### INSTRUCTIONS FOR THE TASK
Retrieve all lines below that have the string "also".

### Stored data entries
──────────────────────────────

lemma prob_added_first_and_uses:
  assumes "y < n"
  shows "measure_pmf.prob \<Omega> {(S, Y1, Z, \<sigma>1, Y2, \<sigma>2). y \<in> snd (first_state S Y1 Z \<sigma>1) \<and> i \<in> S y}
           = mean_size D i y * (\<beta>1 * x y / real k)"
proof -
  define F :: "sksp_sample set" where
    "F = {(S, Y1, Z, \<sigma>1, Y2, \<sigma>2). y \<in> snd (first_state S Y1 Z \<sigma>1)}"
  have "measure_pmf.prob \<Omega> {(S, Y1, Z, \<sigma>1, Y2, \<sigma>2). y \<in> snd (first_state S Y1 Z \<sigma>1) \<and> i \<in> S y}
      = measure_pmf.prob (D y) {A. i \<in> A} * measure_pmf.prob \<Omega> F"
    unfolding \<Omega>_def
  proof (rule measure_pmf_prob_Pi_pmf_indep_component[where P = "\<lambda>A. i \<in> A" and Q = "\<lambda>S r. (S, r) \<in> F"])
    fix S s and r :: "(nat \<Rightarrow> bool) \<times> (nat \<Rightarrow> bool) \<times> nat list \<times> (nat \<Rightarrow> bool) \<times> nat list"
    assume "r \<in> set_pmf (pair_pmf (coins (\<lambda>y. \<alpha>1 * x y / real k))
      (pair_pmf (coins gam) (pair_pmf uniform_perm (pair_pmf (coins (\<lambda>y. \<alpha>2 * x y / real k)) uniform_perm))))"
    then obtain Y1 Z \<sigma>1 Y2 \<sigma>2 where "r = (Y1, Z, \<sigma>1, Y2, \<sigma>2)" "distinct \<sigma>1"
      by (cases r) (auto simp: uniform_perm_def dest: permutations_of_setD)
    then show "((S(y := s), r) \<in> F) = ((S, r) \<in> F)"
      using mem_pass_indep_own_size[of \<sigma>1 y "{}"] by (simp add: F_def first_state_def)
  qed (auto simp: assms F_def)
  moreover have "measure_pmf.prob \<Omega> F = \<beta>1 * x y / real k"
  proof -
    have "F = outcome -` {r. y \<in> fst r}"
      by (auto simp: F_def)
    then show ?thesis
      using attenuation[OF assms] by (simp add: sksp_eq_map_outcome)
  qed
  ultimately show ?thesis
    by (simp add: mean_size_def)
qed

lemma prob_precedes_and_uses_le:
  assumes "j < n" "y < n"
  shows "measure_pmf.prob \<Omega> {(S, Y1, Z, \<sigma>1, Y2, \<sigma>2). y \<in> set (takeWhile (\<lambda>z. z \<noteq> j) \<sigma>2) \<and> Y2 y \<and> i \<in> S y}
           \<le> mean_size D i y * (\<alpha>2 * x y / real k) / 2"
proof -
  define F :: "sksp_sample set" where
    "F = {(S, Y1, Z, \<sigma>1, Y2, \<sigma>2). Y2 y \<and> y \<in> set (takeWhile (\<lambda>z. z \<noteq> j) \<sigma>2)}"
  have factor_size: "measure_pmf.prob \<Omega>
      {(S, Y1, Z, \<sigma>1, Y2, \<sigma>2). y \<in> set (takeWhile (\<lambda>z. z \<noteq> j) \<sigma>2) \<and> Y2 y \<and> i \<in> S y}
      = mean_size D i y * measure_pmf.prob \<Omega> F"
    unfolding \<Omega>_def mean_size_def
    by (rule measure_pmf_prob_Pi_pmf_indep_component[where P = "\<lambda>A. i \<in> A" and Q = "\<lambda>S r. (S, r) \<in> F"])
       (auto simp: assms F_def)
  have factor_coin: "measure_pmf.prob \<Omega> F = \<alpha>2 * x y / real k
      * measure_pmf.prob uniform_perm {\<sigma>. y \<in> set (takeWhile (\<lambda>z. z \<noteq> j) \<sigma>)}"
  proof (rule prob_\<Omega>_const_second_chance_sections)
    fix S Y1 Z \<sigma>1
    have "{w. (S, Y1, Z, \<sigma>1, w) \<in> F} = {(g, \<sigma>). g y \<and> y \<in> set (takeWhile (\<lambda>z. z \<noteq> j) \<sigma>)}"
      by (auto simp: F_def)
    then show "measure_pmf.prob (pair_pmf (coins (\<lambda>y. \<alpha>2 * x y / real k)) uniform_perm)
        {w. (S, Y1, Z, \<sigma>1, w) \<in> F}
      = \<alpha>2 * x y / real k * measure_pmf.prob uniform_perm {\<sigma>. y \<in> set (takeWhile (\<lambda>z. z \<noteq> j) \<sigma>)}"
      using assms Y2_wd coin_prob_bounds
      by (simp only: measure_pmf_prob_pair_rect) (simp add: prob_coins_component)
  qed
  have "0 \<le> mean_size D i y * (\<alpha>2 * x y / real k)"
    using assms coin_prob_bounds(2) unfolding mean_size_def by (intro mult_nonneg_nonneg) auto
  moreover have "measure_pmf.prob uniform_perm {\<sigma>. y \<in> set (takeWhile (\<lambda>z. z \<noteq> j) \<sigma>)} \<le> 1 / 2"
    unfolding uniform_perm_def using assms by (rule prob_precedes_le_half)
  ultimately have "mean_size D i y * (\<alpha>2 * x y / real k)
      * measure_pmf.prob uniform_perm {\<sigma>. y \<in> set (takeWhile (\<lambda>z. z \<noteq> j) \<sigma>)}
      \<le> mean_size D i y * (\<alpha>2 * x y / real k) * (1 / 2)"
    by (intro mult_left_mono)
  then show ?thesis
    unfolding factor_size factor_coin by (simp add: mult.assoc)
qed

lemma load_at_le_counts:
  assumes "(S, Y1, Z, \<sigma>1, Y2, \<sigma>2) \<in> set_pmf \<Omega>"
  shows "load_at j (S, Y1, Z, \<sigma>1, Y2, \<sigma>2) i
     \<le> card {y \<in> {..<n}. y \<in> snd (first_state S Y1 Z \<sigma>1) \<and> i \<in> S y}
       + card {y \<in> {..<n}. y \<in> set (takeWhile (\<lambda>z. z \<noteq> j) \<sigma>2) \<and> Y2 y \<and> i \<in> S y}"
proof -
  note perms = set_pmf_\<Omega>_permutations[OF assms]
  define pre where "pre = takeWhile (\<lambda>z. z \<noteq> j) \<sigma>2"
  have "distinct pre" "set pre \<subseteq> {..<n}"
    using perms unfolding pre_def by (auto dest: set_takeWhileD)
  have "fst (first_state S Y1 Z \<sigma>1) i = card {y \<in> snd (first_state S Y1 Z \<sigma>1). i \<in> S y}"
    using pass_usage[OF perms(1), of "{}"] by (simp add: first_state_def)
  also have "{y \<in> snd (first_state S Y1 Z \<sigma>1). i \<in> S y}
      = {y \<in> {..<n}. y \<in> snd (first_state S Y1 Z \<sigma>1) \<and> i \<in> S y}"
    using pass_subset[of _ C b S \<sigma>1 _ "{}"] perms(3) by (auto simp: first_state_def)
  finally have first: "fst (first_state S Y1 Z \<sigma>1) i
      = card {y \<in> {..<n}. y \<in> snd (first_state S Y1 Z \<sigma>1) \<and> i \<in> S y}" .
  have "load_at j (S, Y1, Z, \<sigma>1, Y2, \<sigma>2) i
      = fst (first_state S Y1 Z \<sigma>1) i + card {y \<in> snd (second_state S Y1 Z \<sigma>1 Y2 pre). i \<in> S y}"
    using pass_usage[OF \<open>distinct pre\<close>, of "{}"] by (simp add: second_state_def pre_def)
  moreover have "card {y \<in> snd (second_state S Y1 Z \<sigma>1 Y2 pre). i \<in> S y}
      \<le> card {y \<in> {..<n}. y \<in> set pre \<and> Y2 y \<and> i \<in> S y}"
    using pass_subset[of _ C b S pre _ "{}"] \<open>set pre \<subseteq> {..<n}\<close>
    by (intro card_mono) (auto simp: second_state_def)
  ultimately show ?thesis
    unfolding first pre_def by simp
qed

lemma prob_resource_exhausted_le:
  assumes "j < n" "1 \<le> b i" and lp: "(\<Sum>y<n. mean_size D i y * x y) \<le> real (b i)"
  shows "measure_pmf.prob \<Omega> {\<omega>. b i \<le> load_at j \<omega> i} \<le> (\<beta>1 + \<alpha>2 / 2) / real k"
proof -
  define E1 :: "nat \<Rightarrow> sksp_sample set" where
    "E1 y = {(S, Y1, Z, \<sigma>1, Y2, \<sigma>2). y \<in> snd (first_state S Y1 Z \<sigma>1) \<and> i \<in> S y}" for y
  define E2 :: "nat \<Rightarrow> sksp_sample set" where
    "E2 y = {(S, Y1, Z, \<sigma>1, Y2, \<sigma>2). y \<in> set (takeWhile (\<lambda>z. z \<noteq> j) \<sigma>2) \<and> Y2 y \<and> i \<in> S y}" for y
  define V where "V \<omega> = (\<Sum>y<n. indicator (E1 y) \<omega> + indicator (E2 y) \<omega> :: real)" for \<omega>
  have V_nonneg: "0 \<le> V \<omega>" for \<omega>
    unfolding V_def by (intro sum_nonneg) auto
  have "integrable \<Omega> V"
    unfolding V_def by (auto simp: measure_pmf.emeasure_eq_measure)
  have "measure_pmf.expectation \<Omega> V = (\<Sum>y<n. measure_pmf.prob \<Omega> (E1 y) + measure_pmf.prob \<Omega> (E2 y))"
    unfolding V_def by (subst Bochner_Integration.integral_sum) (auto simp: measure_pmf.emeasure_eq_measure)
  also have "\<dots> \<le> (\<Sum>y<n. mean_size D i y * x y * ((\<beta>1 + \<alpha>2 / 2) / real k))"
  proof (rule sum_mono)
    fix y assume "y \<in> {..<n}"
    then show "measure_pmf.prob \<Omega> (E1 y) + measure_pmf.prob \<Omega> (E2 y)
        \<le> mean_size D i y * x y * ((\<beta>1 + \<alpha>2 / 2) / real k)"
    proof -
      have "mean_size D i y * (\<beta>1 * x y / real k) + mean_size D i y * (\<alpha>2 * x y / real k) / 2
          = mean_size D i y * x y * ((\<beta>1 + \<alpha>2 / 2) / real k)"
        using k_pos by (simp add: field_simps)
      then show ?thesis
        using prob_added_first_and_uses[of y i] prob_precedes_and_uses_le[OF \<open>j < n\<close>, of y i] \<open>y \<in> {..<n}\<close>
        unfolding E1_def E2_def by simp
    qed
  qed
  also have "\<dots> = (\<Sum>y<n. mean_size D i y * x y) * ((\<beta>1 + \<alpha>2 / 2) / real k)"
    by (rule sum_distrib_right[symmetric])
  also have "\<dots> \<le> real (b i) * ((\<beta>1 + \<alpha>2 / 2) / real k)"
    using lp \<beta>1_nonneg \<alpha>2_nonneg by (intro mult_right_mono) auto
  finally have expectation_le: "measure_pmf.expectation \<Omega> V \<le> real (b i) * ((\<beta>1 + \<alpha>2 / 2) / real k)" .
  have "measure_pmf.prob \<Omega> {\<omega>. b i \<le> load_at j \<omega> i} \<le> measure_pmf.prob \<Omega> {\<omega>. real (b i) \<le> V \<omega>}"
  proof (rule measure_pmf_prob_mono_support, clarify)
    fix S Y1 Z \<sigma>1 Y2 \<sigma>2
    assume "(S, Y1, Z, \<sigma>1, Y2, \<sigma>2) \<in> set_pmf \<Omega>" "b i \<le> load_at j (S, Y1, Z, \<sigma>1, Y2, \<sigma>2) i"
    moreover have "V (S, Y1, Z, \<sigma>1, Y2, \<sigma>2)
      = real (card {y \<in> {..<n}. y \<in> snd (first_state S Y1 Z \<sigma>1) \<and> i \<in> S y})
        + real (card {y \<in> {..<n}. y \<in> set (takeWhile (\<lambda>z. z \<noteq> j) \<sigma>2) \<and> Y2 y \<and> i \<in> S y})"
      unfolding V_def sum.distrib by (simp add: indicator_def E1_def E2_def Int_def)
    ultimately show "real (b i) \<le> V (S, Y1, Z, \<sigma>1, Y2, \<sigma>2)"
      using load_at_le_counts[of S Y1 Z \<sigma>1 Y2 \<sigma>2 j i] by linarith
  qed
  also have "\<dots> \<le> measure_pmf.expectation \<Omega> V / real (b i)"
    using integral_Markov_inequality_measure[OF \<open>integrable \<Omega> V\<close>, of UNIV "real (b i)"] assms V_nonneg
    by simp
  also have "\<dots> \<le> (\<beta>1 + \<alpha>2 / 2) / real k"
    using expectation_le assms by (simp add: divide_le_eq mult.commute)
  finally show ?thesis .
qed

──────────────────────────────

### EXERCISE SOLUTION
  also have "{y \<in> snd (first_state S Y1 Z \<sigma>1). i \<in> S y}
  also have "\<dots> \<le> (\<Sum>y<n. mean_size D i y * x y * ((\<beta>1 + \<alpha>2 / 2) / real k))"
  also have "\<dots> = (\<Sum>y<n. mean_size D i y * x y) * ((\<beta>1 + \<alpha>2 / 2) / real k)"
  also have "\<dots> \<le> real (b i) * ((\<beta>1 + \<alpha>2 / 2) / real k)"
  also have "\<dots> \<le> measure_pmf.expectation \<Omega> V / real (b i)"
  also have "\<dots> \<le> (\<beta>1 + \<alpha>2 / 2) / real k"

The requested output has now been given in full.